Students, police scuffle as Myanmar protest tensions boil
AFP
March 10, 2015 15:29 MYT
March 10, 2015 15:29 MYT
Student activists scuffled with riot police in central Myanmar Tuesday, vowing to burst through a wall of security personnel who have surrounded them for over a week at a protest for education reform.
Activists removed barbed wire barricades and tried to push through tightly packed lines of police, according to an AFP reporter at the scene, just days after Myanmar authorities cracked down on a supporting rally in the main city of Yangon.
Student protesters have embarked on months of demonstrations calling for education reform, but plans by a core group to march to Yangon have been halted by police in the dusty central town of Letpadan, who have surrounded around 150 activists since March 2.
Demonstrators told AFP early Tuesday that patience had frayed after authorities appeared to have reneged on an agreement to allow them to continue their march.
"If it isn't going to go as we agreed, we will break the blockade," activist Nanda Sit Aung said ahead of the altercation.
"They will choose whether they allow or arrest us," he said, adding their protest was peaceful and had been long announced to authorities.

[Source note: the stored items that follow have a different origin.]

lemma det_identity_below_row0:
  assumes "A \<in> carrier_mat (Suc m) (Suc m)"
    and "\<And>k l. 1 \<le> k \<Longrightarrow> k < Suc m \<Longrightarrow> l < Suc m \<Longrightarrow> A $$ (k, l) = (if k = l then 1 else 0)"
  shows "det A = A $$ (0, 0)"
proof -
  have "upper_triangular A"
    using assms by (auto simp: upper_triangular_def)
  then have "det A = prod_list (diag_mat A)"
    using assms(1) by (rule det_upper_triangular)
  also have "\<dots> = (\<Prod>i<Suc m. A $$ (i, i))"
    using assms(1) by (simp add: prod_list_diag_prod atLeast0LessThan)
  also have "\<dots> = A $$ (0, 0)"
    using assms(2) by (simp only: prod.lessThan_Suc_shift) simp
  finally show ?thesis .
qed

definition ballot_mat :: "nat \<Rightarrow> 'a::comm_ring_1 mat" where
  "ballot_mat n = mat n n (\<lambda>(i, k). of_int (ballot i k))"

lemma det_ballot_mat: "det (ballot_mat n) = 1"
  by (rule det_lower_unitriangular[of _ n]) (simp_all add: ballot_mat_def ballot_eq_0)

lemma hankel_eq_ballot_congruence:
  fixes N :: "nat \<Rightarrow> nat \<Rightarrow> 'a::comm_ring_1"
  assumes "\<And>k l. adj_sum (N k) l = adj_sum (\<lambda>k. N k l) k"
  shows "mat n n (\<lambda>(i, j). \<Sum>l\<le>i + j. of_int (ballot (i + j) l) * N 0 l)
       = ballot_mat n * mat n n (\<lambda>(k, l). N k l) * transpose_mat (ballot_mat n)"
proof (rule eq_matI)
  fix i j assume "i < dim_row (ballot_mat n * mat n n (\<lambda>(k, l). N k l) * transpose_mat (ballot_mat n))"
    and "j < dim_col (ballot_mat n * mat n n (\<lambda>(k, l). N k l) * transpose_mat (ballot_mat n))"
  then have i: "i < n" and j: "j < n"
    by (simp_all add: ballot_mat_def)
  have restrict: "(\<Sum>k<n. of_int (ballot m k) * f k) = (\<Sum>k\<le>m. of_int (ballot m k) * f k)"
    if "m < n" for m and f :: "nat \<Rightarrow> 'a"
    by (rule sum.mono_neutral_right) (use that in \<open>auto simp: ballot_eq_0\<close>)
  have "mat n n (\<lambda>(i, j). \<Sum>l\<le>i + j. of_int (ballot (i + j) l) * N 0 l) $$ (i, j)
      = (\<Sum>l\<le>i + j. of_int (ballot (i + j) l) * N 0 l)"
    using i j by simp
  also have "\<dots> = (\<Sum>k\<le>i. of_int (ballot i k) * (\<Sum>l\<le>j. of_int (ballot j l) * N k l))"
    by (rule sum_ballot_bilinear[symmetric]) (rule assms)
  also have "\<dots> = (\<Sum>k<n. of_int (ballot i k) * (\<Sum>l<n. of_int (ballot j l) * N k l))"
    using i j by (simp add: restrict)
  also have "\<dots> = (\<Sum>l<n. (\<Sum>k<n. of_int (ballot i k) * N k l) * of_int (ballot j l))"
    by (subst sum_mult_sum_swap) (simp only: mult.commute)
  also have "\<dots> = (ballot_mat n * mat n n (\<lambda>(k, l). N k l) * transpose_mat (ballot_mat n)) $$ (i, j)"
    using i j by (simp add: ballot_mat_def scalar_prod_def atLeast0LessThan)
  finally show "mat n n (\<lambda>(i, j). \<Sum>l\<le>i + j. of_int (ballot (i + j) l) * N 0 l) $$ (i, j)
      = (ballot_mat n * mat n n (\<lambda>(k, l). N k l) * transpose_mat (ballot_mat n)) $$ (i, j)" .
qed (simp_all add: ballot_mat_def)

lemma det_hankel_ballot:
  fixes N :: "nat \<Rightarrow> nat \<Rightarrow> 'a::comm_ring_1"
  assumes "\<And>k l. adj_sum (N k) l = adj_sum (\<lambda>k. N k l) k"
  shows "det (mat n n (\<lambda>(i, j). \<Sum>l\<le>i + j. of_int (ballot (i + j) l) * N 0 l))
       = det (mat n n (\<lambda>(k, l). N k l))"
proof -
  have B: "ballot_mat n \<in> carrier_mat n n" and N: "mat n n (\<lambda>(k, l). N k l) \<in> carrier_mat n n"
    by (simp_all add: ballot_mat_def)
  show ?thesis
    unfolding hankel_eq_ballot_congruence[OF assms]
    by (simp add: det_mult[OF mult_carrier_mat[OF B N] transpose_carrier_mat[THEN iffD2, OF B]]
        det_mult[OF B N] det_transpose[OF B] det_ballot_mat)
qed

section \<open>The semiseparable matrix and its determinant\<close>

lemma adj_sum_chebU: "adj_sum (\<lambda>l. chebU (int l) x) l = 2*x * chebU (int l) x"
  using chebU_three_term[of "int l" x] by (auto simp: adj_sum_def of_nat_diff algebra_simps)

definition chebW :: "'a::field_char_0 \<Rightarrow> 'a \<Rightarrow> nat \<Rightarrow> 'a" where
  "chebW X x k = X * chebU (int k) x + chebU (int k - 1) x"

lemma chebW_0 [simp]: "chebW X x 0 = X"
  by (simp add: chebW_def)

lemma adj_sum_chebW: "adj_sum (chebW X x) l = 2*x * chebW X x l + (if l = 0 then 1 else 0)"
proof (cases l)
  case 0
  then show ?thesis by (simp add: adj_sum_def chebW_def chebU_1 algebra_simps)
next
  case (Suc l')
  have U: "chebU (int l + 1) x + chebU (int l - 1) x = 2*x * chebU (int l) x"
    and U': "chebU (int l) x + chebU (int l - 2) x = 2*x * chebU (int l - 1) x"
    using chebU_rec[of "int l" x] chebU_rec[of "int l - 1" x] \<open>l = Suc l'\<close>
    by (simp_all add: algebra_simps)
  have "adj_sum (chebW X x) l
      = X * (chebU (int l + 1) x + chebU (int l - 1) x) + (chebU (int l) x + chebU (int l - 2) x)"
    using Suc by (simp add: adj_sum_def chebW_def algebra_simps)
  also have "\<dots> = 2*x * chebW X x l"
    unfolding U U' by (simp add: chebW_def algebra_simps)
  finally show ?thesis
    using Suc by simp
qed

lemma chebW_Suc_Suc: "chebW X x (Suc (Suc k)) = 2*x * chebW X x (Suc k) - chebW X x k"
  using adj_sum_chebW[of X x "Suc k"] by (simp add: adj_sum_def eq_diff_eq)

lemma chebW_chebU_wronskian: "chebW X x (Suc k) * chebU (int k) x - chebU (int (Suc k)) x * chebW X x k = 1"
proof (induction k)
  case 0
  then show ?case by (simp add: chebW_def chebU_1)
next
  case (Suc k)
  have U: "chebU (int (Suc (Suc k))) x = 2*x * chebU (int (Suc k)) x - chebU (int k) x"
    using adj_sum_chebU[of x "Suc k"] by (simp add: adj_sum_def eq_diff_eq)
  have "chebW X x (Suc (Suc k)) * chebU (int (Suc k)) x - chebU (int (Suc (Suc k))) x * chebW X x (Suc k)
      = chebW X x (Suc k) * chebU (int k) x - chebU (int (Suc k)) x * chebW X x k"
    unfolding chebW_Suc_Suc U by (simp add: algebra_simps)
  then show ?case
    using Suc.IH by simp
qed

definition green :: "'a::field_char_0 \<Rightarrow> 'a \<Rightarrow> nat \<Rightarrow> nat \<Rightarrow> 'a" where
  "green X x k l = chebU (int (min k l)) x * chebW X x (max k l)"

lemma green_commute_less:
  assumes "k < l"
  shows "adj_sum (green X x k) l = adj_sum (\<lambda>k. green X x k l) k"
proof -
  have "adj_sum (green X x k) l = chebU (int k) x * adj_sum (chebW X x) l"
    using assms by (simp add: adj_sum_def green_def min_def max_def algebra_simps)
  also have "\<dots> = adj_sum (\<lambda>k. chebU (int k) x) k * chebW X x l"
    using assms by (simp add: adj_sum_chebW adj_sum_chebU)
  also have "\<dots> = adj_sum (\<lambda>k. green X x k l) k"
    using assms by (simp add: adj_sum_def green_def min_def max_def algebra_simps)
  finally show ?thesis .
qed

lemma green_commute: "adj_sum (green X x k) l = adj_sum (\<lambda>k. green X x k l) k"
proof -
  have sym: "green X x k l = green X x l k" for k l
    by (simp add: green_def min.commute max.commute)
  consider "k < l" | "k = l" | "l < k"
    by linarith
  then show ?thesis
  proof cases
    case 1
    then show ?thesis by (rule green_commute_less)
  next
    case 2
    then show ?thesis by (simp add: adj_sum_def sym)
  next
    case 3
    have row: "green X x k = (\<lambda>j. green X x j k)" and col: "(\<lambda>j. green X x j l) = green X x l"
      by (simp_all add: fun_eq_iff sym)
    show ?thesis
      unfolding row col by (rule green_commute_less[OF 3, symmetric])
  qed
qed

lemma green_row_op_subdiag:
  "green X x (Suc l) l - 2*x * green X x l l + (if l = 0 then 0 else green X x (l - 1) l) = 1"
proof (cases l)
  case 0
  then show ?thesis by (simp add: green_def chebW_def chebU_1)
next
  case (Suc q)
  have "green X x (Suc l) l - 2*x * green X x l l + green X x (l - 1) l
      = chebU (int (Suc q)) x * (chebW X x (Suc (Suc q)) - 2*x * chebW X x (Suc q))
        + chebU (int q) x * chebW X x (Suc q)"
    by (simp add: Suc green_def algebra_simps)
  also have "\<dots> = chebW X x (Suc q) * chebU (int q) x - chebU (int (Suc q)) x * chebW X x q"
    unfolding chebW_Suc_Suc by (simp add: algebra_simps)
  finally show ?thesis
    using Suc chebW_chebU_wronskian[of X x q] by simp
qed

The government has defended its Friday crackdown on an unauthorised rally in the heart of the commercial hub of Yangon, despite accusations from witnesses and campaigners that police and men in civilian clothes beat unarmed protesters with batons.
Eight activists were briefly held in the police action, which caused a ripple of outrage in a country where students activism is a potent political force.
Young campaigners have been at the forefront of several major uprisings, including a huge 1988 demonstration that prompted a bloody military assault under the former junta.
Observers fear democratic reforms in Myanmar, which is gradually emerging from decades of authoritarian rule, are stalling in the run-up to a breakthrough general election slated for the end of this year.
The latest crackdown has deepened concerns that authorities have not lost the repressive reflex forged during the junta era.